We recognize that the personal investment transactions of members and employees of our firm demand
the application of a high Code of Ethics and require that all such transactions be carried out in a way that
does not endanger the interest of any client. At the same time, we believe that if investment goals are
similar for clients and for members and employees of our firm, it is logical and even desirable that there
be common ownership of some securities.
Therefore, in order to prevent conflicts of interest, we have in place a set of procedures (including a pre-
clearing procedure) with respect to transactions effected by our members, officers and employees for
their personal accounts1. In order to monitor compliance with our personal trading policy, we have a
quarterly securities transaction reporting system for all of our associates. Upon employment or
affiliation and at least annually thereafter, all supervised persons will sign an acknowledgement that
they have read, understand, and agree to comply with our Code of Ethics.

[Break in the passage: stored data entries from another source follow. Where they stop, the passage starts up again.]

lemma grouping_list_omega_exists:
  assumes X: "exp_sparse X" "large [a + 6] X"
  obtains Fs where "grouping_list [a] [1] X P Fs"
proof -
  obtain F0 R where F0R: "F0 \<subseteq> X" "R \<subseteq> X" "set_less F0 R" "large [a] F0"
    "large [Suc (Suc (Suc a))] R" "homogeneous P F0 R"
    using exp_sparse_homogeneous_pair[OF X] by blast
  have F0: "finite F0" "F0 \<noteq> {}" and R: "finite R" "R \<noteq> {}"
    using F0R(4,5) large_finite large_nonempty by auto
  have "Max F0 < Min R"
    using F0R(3) Max_in[OF F0] Min_in[OF R] by (simp add: set_less_def)
  then have "4 ^ Max F0 < Min R"
    using exp_sparse_less[OF X(1)] Max_in[OF F0] Min_in[OF R] F0R(1,2) by blast
  then have "2 ^ Max F0 \<le> Min R"
    using power_mono[of "2::nat" 4 "Max F0"] by simp
  then obtain Fs where Fs: "length Fs = Max F0" "sorted_wrt set_less Fs"
    "sorted_wrt (homogeneous P) Fs" "\<forall>F\<in>set Fs. F \<subseteq> R \<and> large [a] F"
    using homogeneous_blocks[OF exp_sparse_subset[OF X(1) F0R(2)] F0R(5)] by blast
  have F: "F \<subseteq> X" "finite F" "F \<noteq> {}" "set_less F0 F" "homogeneous P F0 F"
    if "F \<in> set Fs" for F
  proof -
    have "F \<subseteq> R" "large [a] F" using Fs(4) that by simp_all
    then show "F \<subseteq> X" "finite F" "F \<noteq> {}" "set_less F0 F" "homogeneous P F0 F"
      using F0R(2) large_finite large_nonempty set_less_subset[OF F0R(3) order_refl]
        homogeneous_subset[OF F0R(6) order_refl] by simp_all
  qed
  have "large [1] (Max ` set (F0 # Fs))"
    using large_omega_Maxes_iff[of F0 Fs] Fs(1,2) F F0 by simp
  then have "grouping_list [a] [1] X P (F0 # Fs)"
    using Fs(2-4) F F0R(1,4) by (simp add: grouping_list_def)
  then show ?thesis by (rule that)
qed

lemma sorted_wrt_concat_refine:
  assumes mono: "\<And>A B A' B'. R A B \<Longrightarrow> A' \<subseteq> A \<Longrightarrow> B' \<subseteq> B \<Longrightarrow> R A' B'"
    and "sorted_wrt R Fs" "\<forall>F\<in>set Fs. sorted_wrt R (Gs F) \<and> (\<forall>G\<in>set (Gs F). G \<subseteq> F)"
  shows "sorted_wrt R (concat (map Gs Fs))"
  using assms(2,3)
proof (induction Fs)
  case (Cons F Fs)
  have "R G G'" if "G \<in> set (Gs F)" "F' \<in> set Fs" "G' \<in> set (Gs F')" for G F' G'
    using mono Cons.prems that by auto
  then show ?case using Cons by (auto simp: sorted_wrt_append)
qed simp

lemma Max_image_subset: "\<forall>G\<in>S. finite G \<and> G \<noteq> {} \<and> G \<subseteq> F \<Longrightarrow> Max ` S \<subseteq> F"
  using Max_in by blast

lemma large_Maxes_concat:
  assumes Fs: "sorted_wrt set_less Fs" "large [1] (Max ` set Fs)"
    and Gs: "\<forall>F\<in>set Fs. finite F \<and> F \<noteq> {} \<and> large [k] (Max ` set (Gs F))
      \<and> (\<forall>G\<in>set (Gs F). finite G \<and> G \<noteq> {} \<and> G \<subseteq> F)"
  shows "large [Suc k] (Max ` set (concat (map Gs Fs)))"
proof -
  obtain F0 Fs' where F0: "Fs = F0 # Fs'"
    using Fs(2) large_nonempty by (cases Fs) auto
  have "Gs F0 \<noteq> []" using Gs F0 large_nonempty[of "[k]" "Max ` set (Gs F0)"] by auto
  then obtain G0 where G0: "G0 \<in> set (Gs F0)" using hd_in_set by blast
  let ?w = "Max G0"
  have G0F0: "G0 \<subseteq> F0" "finite G0" "G0 \<noteq> {}" "finite F0" using Gs F0 G0 by auto
  have "?w \<le> Max F0" using Max_mono[OF G0F0(1,3,4)] .
  also have "Max F0 \<le> length Fs'"
    using large_omega_Maxes_iff[of F0 Fs'] Fs F0 Gs by auto
  finally have w: "?w \<le> length Fs'" .
  let ?Ks = "map (\<lambda>F. Max ` set (Gs F)) Fs'"
  have Max_sub: "Max ` set (Gs F) \<subseteq> F" if "F \<in> set Fs" for F
    using Gs that by (intro Max_image_subset) simp
  have "sorted_wrt set_less Fs'" using Fs(1) F0 by simp
  then have Ks_sorted: "sorted_wrt set_less ?Ks"
    unfolding sorted_wrt_map
    by (rule sorted_wrt_mono_rel[rotated]) (metis F0 Max_sub list.set_intros(2) set_less_subset)
  have Ks_large: "\<forall>K\<in>set ?Ks. large [k] K \<and> (\<forall>x\<in>K. ?w < x)"
  proof
    fix K assume K: "K \<in> set ?Ks"
    obtain F where F: "F \<in> set Fs'" "K = Max ` set (Gs F)" using K by auto
    have "set_less F0 F" using Fs(1) F0 F(1) by simp
    then have "\<forall>x\<in>K. ?w < x"
      using Max_sub[of F] F F0 Max_in[OF G0F0(2,3)] G0F0(1) by (auto simp: set_less_def)
    then show "large [k] K \<and> (\<forall>x\<in>K. ?w < x)" using Gs F F0 by simp
  qed
  have "large [Suc k] (insert ?w (\<Union>(set ?Ks)))"
    using large_Suc_insertI[OF Ks_sorted Ks_large] w by simp
  moreover have "insert ?w (\<Union>(set ?Ks)) \<subseteq> Max ` set (concat (map Gs Fs))"
  proof -
    have "Max ` set (Gs F) \<subseteq> Max ` set (concat (map Gs Fs))" if "F \<in> set Fs" for F
      using that by (intro image_mono) auto
    then show ?thesis using F0 G0 by (simp add: UN_least)
  qed
  ultimately show ?thesis by (rule large_mono) simp
qed

lemma grouping_list_concat:
  assumes outer: "grouping_list \<alpha> [1] X P Fs" "\<alpha> \<noteq> []"
    and inner: "\<forall>F\<in>set Fs. grouping_list \<beta> [k] F P (Gs F)" "\<beta> \<noteq> []"
  shows "grouping_list \<beta> [Suc k] X P (concat (map Gs Fs))"
proof -
  have Fs: "\<forall>F\<in>set Fs. F \<subseteq> X \<and> large \<alpha> F" "sorted_wrt set_less Fs"
    "sorted_wrt (homogeneous P) Fs" "large [1] (Max ` set Fs)"
    using outer by (simp_all add: grouping_list_def)
  have Gs: "\<forall>G\<in>set (Gs F). G \<subseteq> F \<and> large \<beta> G" "sorted_wrt set_less (Gs F)"
    "sorted_wrt (homogeneous P) (Gs F)" "large [k] (Max ` set (Gs F))" if "F \<in> set Fs" for F
    using inner that by (simp_all add: grouping_list_def)
  have "\<forall>F\<in>set Fs. finite F \<and> F \<noteq> {} \<and> large [k] (Max ` set (Gs F))
      \<and> (\<forall>G\<in>set (Gs F). finite G \<and> G \<noteq> {} \<and> G \<subseteq> F)"
  proof
    fix F assume F: "F \<in> set Fs"
    have "finite G \<and> G \<noteq> {}" if "G \<in> set (Gs F)" for G
      using Gs(1)[OF F] that large_finite large_nonempty[OF _ inner(2)] by blast
    moreover have "finite F" "F \<noteq> {}"
      using Fs(1) F large_finite large_nonempty[OF _ outer(2)] by blast+
    ultimately show "finite F \<and> F \<noteq> {} \<and> large [k] (Max ` set (Gs F))
      \<and> (\<forall>G\<in>set (Gs F). finite G \<and> G \<noteq> {} \<and> G \<subseteq> F)"
      using Gs(1,4)[OF F] by blast
  qed
  then have "large [Suc k] (Max ` set (concat (map Gs Fs)))"
    by (rule large_Maxes_concat[OF Fs(2,4)])
  moreover have "\<forall>G\<in>set (concat (map Gs Fs)). G \<subseteq> X \<and> large \<beta> G"
    using Fs(1) Gs(1) by fastforce
  moreover have "sorted_wrt set_less (concat (map Gs Fs))"
    using set_less_subset Fs(2) Gs(1,2) by (intro sorted_wrt_concat_refine) auto
  moreover have "sorted_wrt (homogeneous P) (concat (map Gs Fs))"
    using homogeneous_subset Fs(3) Gs(1,3) by (intro sorted_wrt_concat_refine) auto
  ultimately show ?thesis unfolding grouping_list_def by blast
qed

lemma grouping_list_exists:
  "exp_sparse X \<Longrightarrow> large [n + 6 * k] X \<Longrightarrow> \<exists>Gs. grouping_list [n] [k] X P Gs"
proof (induction k arbitrary: X)
  case 0
  then have "finite X" "X \<noteq> {}" using large_finite large_nonempty by auto
  then have "grouping_list [n] [0] X P [X]"
    using 0 large_exp_zeroI[of "{Max X}"] by (simp add: grouping_list_def)
  then show ?case by blast
next
  case (Suc k)
  have "n + 6 * Suc k = (n + 6 * k) + 6" by simp
  then have "large [(n + 6 * k) + 6] X" using Suc.prems(2) by metis
  then obtain Fs where Fs: "grouping_list [n + 6 * k] [1] X P Fs"
    using grouping_list_omega_exists[OF Suc.prems(1)] by blast
  have "\<exists>Gs. grouping_list [n] [k] F P Gs" if "F \<in> set Fs" for F
    using Suc.IH exp_sparse_subset[OF Suc.prems(1)] Fs that by (simp add: grouping_list_def)
  then obtain Gs where "\<forall>F\<in>set Fs. grouping_list [n] [k] F P (Gs F)" by metis
  then have "grouping_list [n] [Suc k] X P (concat (map Gs Fs))"
    using grouping_list_concat[OF Fs] by simp
  then show ?case by blast
qed

lemma grouping_list_grouping:
  assumes "grouping_list \<alpha> \<beta> X P Gs" "\<alpha> \<noteq> []"
  shows "grouping \<alpha> \<beta> X P (length Gs) (nth Gs)"
proof -
  have Gs: "\<forall>G\<in>set Gs. G \<subseteq> X \<and> large \<alpha> G" "sorted_wrt set_less Gs"
    "sorted_wrt (homogeneous P) Gs" "large \<beta> (Max ` set Gs)"
    using assms(1) by (simp_all add: grouping_list_def)
  have G: "Gs ! i \<subseteq> X" "large \<alpha> (Gs ! i)" "finite (Gs ! i)" "Gs ! i \<noteq> {}"
    if "i < length Gs" for i
  proof -
    show "Gs ! i \<subseteq> X" "large \<alpha> (Gs ! i)" using Gs(1) that by simp_all
    then show "finite (Gs ! i)" "Gs ! i \<noteq> {}" using large_finite large_nonempty assms(2) by auto
  qed
  have separated: "\<forall>i j. i < j \<and> j < length Gs \<longrightarrow> Max (Gs ! i) < Min (Gs ! j)"
  proof (intro allI impI)
    fix i j assume ij: "i < j \<and> j < length Gs"
    then have "set_less (Gs ! i) (Gs ! j)" using Gs(2) by (simp add: sorted_wrt_iff_nth_less)
    then show "Max (Gs ! i) < Min (Gs ! j)" using G[of i] G[of j] ij by (simp add: set_less_def)
  qed
  have "set Gs = (\<lambda>i. Gs ! i) ` {..<length Gs}"
    unfolding set_conv_nth by blast
  then have maxes: "large \<beta> ((\<lambda>i. Max (Gs ! i)) ` {..<length Gs})"
    using Gs(4) by (simp add: image_image)
  have "\<forall>i j. i < j \<and> j < length Gs \<longrightarrow> homogeneous P (Gs ! i) (Gs ! j)"
    using Gs(3) by (simp add: sorted_wrt_iff_nth_less)
  then have homog: "\<forall>i j. i < j \<and> j < length Gs \<longrightarrow>
      (\<forall>x\<in>Gs ! i. \<forall>x'\<in>Gs ! i. \<forall>y\<in>Gs ! j. \<forall>y'\<in>Gs ! j. P x y = P x' y')"
    unfolding homogeneous_def by blast
  have "\<forall>i<length Gs. finite (Gs ! i) \<and> Gs ! i \<subseteq> X" "\<forall>i<length Gs. large \<alpha> (Gs ! i)"
    using G by blast+
  then show ?thesis
    unfolding grouping_def using separated maxes homog by blast
qed

theorem theorem2p4:
  fixes n k :: nat and X :: "nat set"
  assumes "finite X"
    and "large (omega_pow (n + 6 * k)) X"
    and "exp_sparse X"
  shows "\<forall>P :: nat \<Rightarrow> nat \<Rightarrow> bool. \<exists>l F. grouping (omega_pow n) (omega_pow k) X P l F"
proof
  fix P :: "nat \<Rightarrow> nat \<Rightarrow> bool"
  (* finite X is part of largeness. *)
  have "large [n + 6 * k] X" using assms(2) by (simp add: omega_pow_def)
  then obtain Gs where "grouping_list [n] [k] X P Gs"
    using grouping_list_exists[OF assms(3)] by blast
  then have "grouping [n] [k] X P (length Gs) (nth Gs)"
    by (rule grouping_list_grouping) simp
  then show "\<exists>l F. grouping (omega_pow n) (omega_pow k) X P l F"
    unfolding omega_pow_def by blast
qed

Neither our firm nor a related person recommends to clients, or buys or sells for client accounts,
securities in which our firm or a related person has a material financial interest. Related persons of
our firm may buy or sell securities and other investments that are also recommended to clients. In
order to minimize this conflict of interest, our related persons will place client interests ahead of their
own interests and adhere to our firm’s Code of Ethics. Further, our related persons will refrain from
buying or selling the same securities prior to buying or selling for our clients in the same day. If related
persons’ accounts are included in a block trade, our related persons’ accounts will be traded in the same
manner every time.
Our firm and supervised persons must conduct business in an honest, ethical, and fair manner and avoid
all circumstances that might negatively affect or appear to affect our duty of complete loyalty to all
clients. This disclosure is provided to give all clients a summary of our Code of Ethics.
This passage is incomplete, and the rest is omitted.